SSMLBreak generates an SSML break element.

func SSMLEmphasis ¶

func SSMLEmphasis(text, level string) string

SSMLEmphasis wraps text in emphasis tags.

func SSMLPhoneme ¶

func SSMLPhoneme(text, alphabet, ph string) string

SSMLPhoneme wraps text with phonetic pronunciation.

func SSMLProsody ¶

func SSMLProsody(text, rate, pitch, volume string) string

SSMLProsody wraps text in prosody tags.

func SSMLSayAs ¶

func SSMLSayAs(text, interpretAs, format string) string

SSMLSayAs wraps text in say-as tags for specific interpretation.

func SSMLSub ¶

func SSMLSub(text, alias string) string

SSMLSub provides an alias for a word.

Types ¶

type BatchConfig ¶

type BatchConfig struct {
	// OutputDir is the directory for output files.
	OutputDir string

	// FilePrefix is added before each filename.
	FilePrefix string

	// FileSuffix is added after each filename (before extension).
	FileSuffix string

	// IncludeLanguageInFilename adds language code to filename.
	IncludeLanguageInFilename bool
}

BatchConfig contains configuration for batch TTS processing.

func NewBatchConfig ¶

func NewBatchConfig(outputDir string) *BatchConfig

NewBatchConfig creates a batch config with defaults.

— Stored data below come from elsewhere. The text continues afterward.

(*
  Fix a prime p, let K = floor (N^gamma) and S(x) = sum_{n <= K} e(x F_n / p).  By orthogonality,
  sum_x |S(x)|^2 is p times the number of pairs with F_a = F_b (mod p), hence at least pK, and
  sum_x |S(x)|^4 is p times the number of quadruples with F_a + F_b = F_c + F_d (mod p).  Since the
  Fibonacci numbers grow geometrically, only O(K^2) quadruples satisfy F_a + F_b = F_c + F_d exactly.
  Any other congruence makes p divide a nonzero integer below 2^(K+1), which has at most K + 1 prime
  factors; so by double counting all but O(K^3) = O(N^(3 gamma)) primes admit at most K^2 of them.
  For the remaining primes the fourth moment is O(p K^2), and Hoelder's inequality between the
  first, second and fourth moments traps the mean of |S| between constant multiples of sqrt K.
  As 3 gamma < 1, Chebyshev's bound pi(N) >= N / (6 log N) makes the exceptional primes negligible.
*)

section \<open>Chebyshev's lower bound for the prime counting function\<close>

lemma multiplicity_fact_Legendre:
  fixes p m B :: nat
  assumes p: "prime p" and m: "m < p ^ Suc B"
  shows "multiplicity p (fact m :: nat) = (\<Sum>i=1..B. m div p ^ i)"
  using m
proof (induction m)
  case 0
  then show ?case by simp
next
  case (Suc m)
  have p1: "p > 1" using p prime_gt_1_nat by blast
  have "{i\<in>{1..B}. p ^ i dvd Suc m} = {1..multiplicity p (Suc m)}"
  proof -
    have "p ^ multiplicity p (Suc m) \<le> Suc m"
      by (intro dvd_imp_le multiplicity_dvd) auto
    also have "\<dots> < p ^ Suc B" using Suc.prems .
    finally have "multiplicity p (Suc m) < Suc B"
      using power_strict_increasing_iff[OF p1] by blast
    thus ?thesis using p p1 by (auto simp: power_dvd_iff_le_multiplicity)
  qed
  moreover have "Suc m div q = m div q + (if q dvd Suc m then 1 else 0)" for q
    by (auto simp: div_Suc dvd_eq_mod_eq_0)
  ultimately have "(\<Sum>i=1..B. Suc m div p ^ i) = (\<Sum>i=1..B. m div p ^ i) + multiplicity p (Suc m)"
    by (simp add: sum.distrib sum.If_cases Int_def conj_commute)
  moreover have "multiplicity p (Suc m * fact m :: nat) = multiplicity p (Suc m) + multiplicity p (fact m :: nat)"
    using p by (intro prime_elem_multiplicity_mult_distrib) auto
  moreover have "fact (Suc m) = Suc m * (fact m :: nat)" by (simp only: fact_Suc of_nat_id)
  ultimately show ?case using Suc by simp
qed
lemma integral_poly_pderiv_mult_indefinite_integral:
  fixes f :: "real \<Rightarrow> real" and r :: "real poly"
  assumes f: "f absolutely_integrable_on {a..b}" and ab: "a \<le> b"
  shows "integral {a..b} (\<lambda>x. poly (pderiv r) x * integral {a..x} f)
       = integral {a..b} (\<lambda>t. f t * (poly r b - poly r t))"
proof -
  obtain h where hm[measurable]: "h \<in> borel_measurable lborel" and hi: "integrable lborel h"
    and hf: "AE x in lborel. x \<in> {a..b} \<longrightarrow> h x = f x"
    using absolutely_integrable_on_borel_representative[OF f] by blast
  have fi: "f integrable_on {a..b}"
    using f by (rule set_lebesgue_integral_eq_integral(1))
  have integral_h: "integral {a..x} h = integral {a..x} f" if "x \<le> b" for x
    by (rule integral_cong_AE_lborel) (use hf that in \<open>auto elim: AE_mp\<close>)
  (* Both sides integrate r'(x) f(t) over the triangle a \<le> t \<le> x \<le> b, in the two orders. *)
  define k where "k = (\<lambda>x t. if a \<le> t \<and> t \<le> x \<and> x \<le> b then poly (pderiv r) x * h t else 0)"
  have k: "integrable (lborel \<Otimes>\<^sub>M lborel) (case_prod k)"
    unfolding k_def by (rule integrable_triangle_poly_mult[OF hm hi ab])
  have inner_t: "(\<integral>t. k x t \<partial>lborel) = indicator {a..b} x * (poly (pderiv r) x * integral {a..x} f)" for x
  proof (cases "x \<in> {a..b}")
    case True
    have "(\<lambda>t. k x t) = (\<lambda>t. poly (pderiv r) x * (indicator {a..x} t *\<^sub>R h t))"
      using True by (auto simp: k_def indicator_def fun_eq_iff)
    moreover have "set_integrable lborel {a..x} h"
      unfolding set_integrable_def by (rule integrable_mult_indicator) (use hi in auto)
    ultimately show ?thesis
      using True set_borel_integral_eq_integral(2)[of "{a..x}" h] integral_h[of x]
      by (simp add: set_lebesgue_integral_def)
  next
    case False
    then have "(\<lambda>t. k x t) = (\<lambda>t. 0)" by (auto simp: k_def fun_eq_iff)
    then show ?thesis using False by simp
  qed
  have inner_x: "(\<integral>x. k x t \<partial>lborel) = indicator {a..b} t * (h t * (poly r b - poly r t))" for t
  proof (cases "t \<in> {a..b}")
    case True
    have "(\<lambda>x. k x t) = (\<lambda>x. h t * (poly (pderiv r) x * indicator {t..b} x))"
      using True by (auto simp: k_def indicator_def fun_eq_iff)
    moreover have "(\<integral>x. poly (pderiv r) x * indicator {t..b} x \<partial>lborel) = poly r b - poly r t"
      by (rule integral_FTC_Icc_real) (use True in \<open>auto intro: poly_DERIV\<close>)
    ultimately show ?thesis using True by simp
  next
    case False
    then have "(\<lambda>x. k x t) = (\<lambda>x. 0)" by (auto simp: k_def fun_eq_iff)
    then show ?thesis using False by simp
  qed
  have "integral {a..b} (\<lambda>x. poly (pderiv r) x * integral {a..x} f) = (\<integral>x. (\<integral>t. k x t \<partial>lborel) \<partial>lborel)"
  proof -
    have "continuous_on {a..b} (\<lambda>x. poly (pderiv r) x * integral {a..x} f)"
      by (intro continuous_intros indefinite_integral_continuous_1 fi)
    from set_borel_integral_eq_integral(2)[OF borel_integrable_atLeastAtMost'[OF this]]
    show ?thesis by (simp add: inner_t set_lebesgue_integral_def)
  qed
  also have "\<dots> = (\<integral>t. (\<integral>x. k x t \<partial>lborel) \<partial>lborel)"
    by (rule lborel_pair.Fubini_integral[OF k, symmetric])
  also have "\<dots> = integral {a..b} (\<lambda>t. h t * (poly r b - poly r t))"
  proof -
    have "set_integrable lborel {a..b} (\<lambda>t. h t * (poly r b - poly r t))"
      using lborel_pair.integrable_snd[OF k] by (simp add: inner_x set_integrable_def)
    from set_borel_integral_eq_integral(2)[OF this]
    show ?thesis by (simp add: inner_x set_lebesgue_integral_def)
  qed
  also have "\<dots> = integral {a..b} (\<lambda>t. f t * (poly r b - poly r t))"
    by (rule integral_cong_AE_lborel) (use hf in \<open>auto elim: AE_mp\<close>)
  finally show ?thesis .
qed

lemma integral_poly_mult_by_parts:
  fixes g G :: "real \<Rightarrow> real" and r :: "real poly"
  assumes g: "g absolutely_integrable_on {a..b}" and ab: "a \<le> b"
    and G: "\<And>x. x \<in> {a..b} \<Longrightarrow> G x = G a + integral {a..x} g"
  shows "integral {a..b} (\<lambda>x. poly r x * g x)
       = poly r b * G b - poly r a * G a - integral {a..b} (\<lambda>x. poly (pderiv r) x * G x)"
proof -
  have gi: "g integrable_on {a..b}"
    using g by (rule set_lebesgue_integral_eq_integral(1))
  have rg: "(\<lambda>x. poly r x * g x) integrable_on {a..b}"
    by (intro integrable_on_continuous_mult g continuous_intros)
  have "integral {a..b} (\<lambda>x. poly (pderiv r) x * G x)
      = integral {a..b} (\<lambda>x. G a * poly (pderiv r) x + poly (pderiv r) x * integral {a..x} g)"
  proof (rule integral_cong)
    fix x assume "x \<in> {a..b}"
    from G[OF this] show "poly (pderiv r) x * G x
        = G a * poly (pderiv r) x + poly (pderiv r) x * integral {a..x} g"
      by (simp add: algebra_simps)
  qed
  also have "\<dots> = G a * integral {a..b} (\<lambda>x. poly (pderiv r) x)
      + integral {a..b} (\<lambda>x. poly (pderiv r) x * integral {a..x} g)"
    by (subst integral_add)
       (auto intro!: integrable_continuous_real continuous_intros indefinite_integral_continuous_1 gi)
  also have "\<dots> = G a * (poly r b - poly r a) + integral {a..b} (\<lambda>t. g t * (poly r b - poly r t))"
    by (simp add: integral_poly_pderiv[OF ab] integral_poly_pderiv_mult_indefinite_integral[OF g ab])
  also have "integral {a..b} (\<lambda>t. g t * (poly r b - poly r t))
      = poly r b * integral {a..b} g - integral {a..b} (\<lambda>x. poly r x * g x)"
    by (simp add: right_diff_distrib mult.commute[of "g _"] integral_diff rg gi integrable_on_mult_right)
  finally show ?thesis using G[of b] ab by (simp add: algebra_simps)
qed

lemma square_integrable_imp_absolutely_integrable:
  fixes g :: "real \<Rightarrow> real"
  assumes "g integrable_on {a..b}" "(\<lambda>x. (g x)\<^sup>2) integrable_on {a..b}"
  shows "g absolutely_integrable_on {a..b}"
proof (rule measurable_bounded_by_integrable_imp_absolutely_integrable)
  show "g \<in> borel_measurable (lebesgue_on {a..b})" using assms(1) by (rule integrable_imp_measurable)
  show "(\<lambda>x. 1 + (g x)\<^sup>2) integrable_on {a..b}"
    by (rule integrable_add[OF integrable_const_ivl assms(2)])
  show "norm (g x) \<le> 1 + (g x)\<^sup>2" for x
  proof -
    have "0 \<le> (\<bar>g x\<bar> - 1)\<^sup>2" by simp
    then show ?thesis by (simp add: power2_diff)
  qed
qed simp

lemma abs_le_sqrt_mult_sqrt_if_quadratic_nonneg:
  fixes A B C :: real
  assumes quadratic: "\<And>t. 0 \<le> t\<^sup>2 * A - 2 * t * B + C" and "0 \<le> A"
  shows "\<bar>B\<bar> \<le> sqrt A * sqrt C"
proof -
  have "B\<^sup>2 \<le> A * C"
  proof (cases "A = 0")
    case True
    have "B = 0"
    proof (rule ccontr)
      assume "B \<noteq> 0"
      then have "2 * ((C + 1) / (2 * B)) * B = C + 1" by simp
      with quadratic[of "(C + 1) / (2 * B)"] True show False by simp
    qed
    with True show ?thesis by simp
  next
    case False
    with \<open>0 \<le> A\<close> have A: "A > 0" by simp
    have "(B / A)\<^sup>2 * A - 2 * (B / A) * B = - (B\<^sup>2 / A)"
      using A by (simp add: power2_eq_square field_simps)
    with quadratic[of "B / A"] have "B\<^sup>2 / A \<le> C" by linarith
    with A show ?thesis by (simp add: divide_le_eq mult.commute)
  qed
  then have "sqrt (B\<^sup>2) \<le> sqrt (A * C)" by (rule real_sqrt_le_mono)
  then show ?thesis by (simp add: real_sqrt_mult)
qed

lemma abs_integral_mult_le_l2norm:
  fixes f g :: "real \<Rightarrow> real"
  assumes f: "continuous_on {-1..1} f"
    and g: "g integrable_on {-1..1}" and g2: "(\<lambda>x. (g x)\<^sup>2) integrable_on {-1..1}"
  shows "\<bar>integral {-1..1} (\<lambda>x. f x * g x)\<bar> \<le> l2norm f * l2norm g"
  unfolding l2norm_def
proof (rule abs_le_sqrt_mult_sqrt_if_quadratic_nonneg)
  have fg: "(\<lambda>x. f x * g x) integrable_on {-1..1}"
    by (rule integrable_on_continuous_mult[OF f square_integrable_imp_absolutely_integrable[OF g g2]])
  have f2: "(\<lambda>x. (f x)\<^sup>2) integrable_on {-1..1}"
    by (intro integrable_continuous_real continuous_on_power f)
  show "0 \<le> integral {-1..1} (\<lambda>x. (f x)\<^sup>2)"
    by (rule integral_nonneg[OF f2]) simp
  fix t :: real
  have expand: "(\<lambda>x. (t * f x - g x)\<^sup>2) = (\<lambda>x. t\<^sup>2 * (f x)\<^sup>2 - 2 * t * (f x * g x) + (g x)\<^sup>2)"
    by (simp add: power2_eq_square algebra_simps)
  have "(\<lambda>x. (t * f x - g x)\<^sup>2) integrable_on {-1..1}"
    unfolding expand by (intro integrable_add integrable_diff integrable_on_mult_right f2 fg g2)
  then have "0 \<le> integral {-1..1} (\<lambda>x. (t * f x - g x)\<^sup>2)"
    by (rule integral_nonneg) simp
  also have "\<dots> = t\<^sup>2 * integral {-1..1} (\<lambda>x. (f x)\<^sup>2) - 2 * t * integral {-1..1} (\<lambda>x. f x * g x)
      + integral {-1..1} (\<lambda>x. (g x)\<^sup>2)"
    unfolding expand
    by (simp add: integral_add integral_diff integrable_add integrable_diff integrable_on_mult_right f2 fg g2)
  finally show "0 \<le> t\<^sup>2 * integral {-1..1} (\<lambda>x. (f x)\<^sup>2) - 2 * t * integral {-1..1} (\<lambda>x. f x * g x)
      + integral {-1..1} (\<lambda>x. (g x)\<^sup>2)" .
qed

func (*BatchConfig) GenerateFilename ¶

func (c *BatchConfig) GenerateFilename(seg ElevenLabsSegment, language string) string

GenerateFilename generates an output filename for a segment.

type CompiledSegment ¶

type CompiledSegment struct {
	// SlideIndex is the 0-based slide index.
	SlideIndex int

	// SegmentIndex is the 0-based segment index within the slide.
	// For title segments, this is -1.
	SegmentIndex int

	// SlideTitle is the slide title (if any).
	SlideTitle string

	// IsTitleSegment indicates this segment was generated from a slide title.
	IsTitleSegment bool

	// IsSectionHeader indicates this segment belongs to a section header slide.
	IsSectionHeader bool

	// Text is the processed text with pronunciations applied.
	Text string

	// OriginalText is the text before pronunciation substitutions.
	OriginalText string

	// VoiceID is the voice to use for this segment.
	VoiceID string

	// Language is the language code.
	Language string

	// PauseBeforeMs is the pause before in milliseconds.
	PauseBeforeMs int

	// PauseAfterMs is the pause after in milliseconds.
	PauseAfterMs int

	// Emphasis is the emphasis level.
	Emphasis string

	// Rate is the speaking rate.
	Rate string

	// Pitch is the pitch adjustment.
	Pitch string
}

CompiledSegment represents a compiled segment ready for TTS.

type Compiler ¶

type Compiler struct {
	// AdditionalPronunciations are extra pronunciations to apply.
	AdditionalPronunciations map[string]map[string]string

	// DefaultPauseAfterSlide is the pause after each slide if not specified.
	DefaultPauseAfterSlide string

	// DefaultPauseAfterSegment is the pause after each segment if not specified.
	DefaultPauseAfterSegment string
}

Compiler compiles scripts to various output formats.

func NewCompiler ¶

func NewCompiler() *Compiler

NewCompiler creates a new script compiler with default settings.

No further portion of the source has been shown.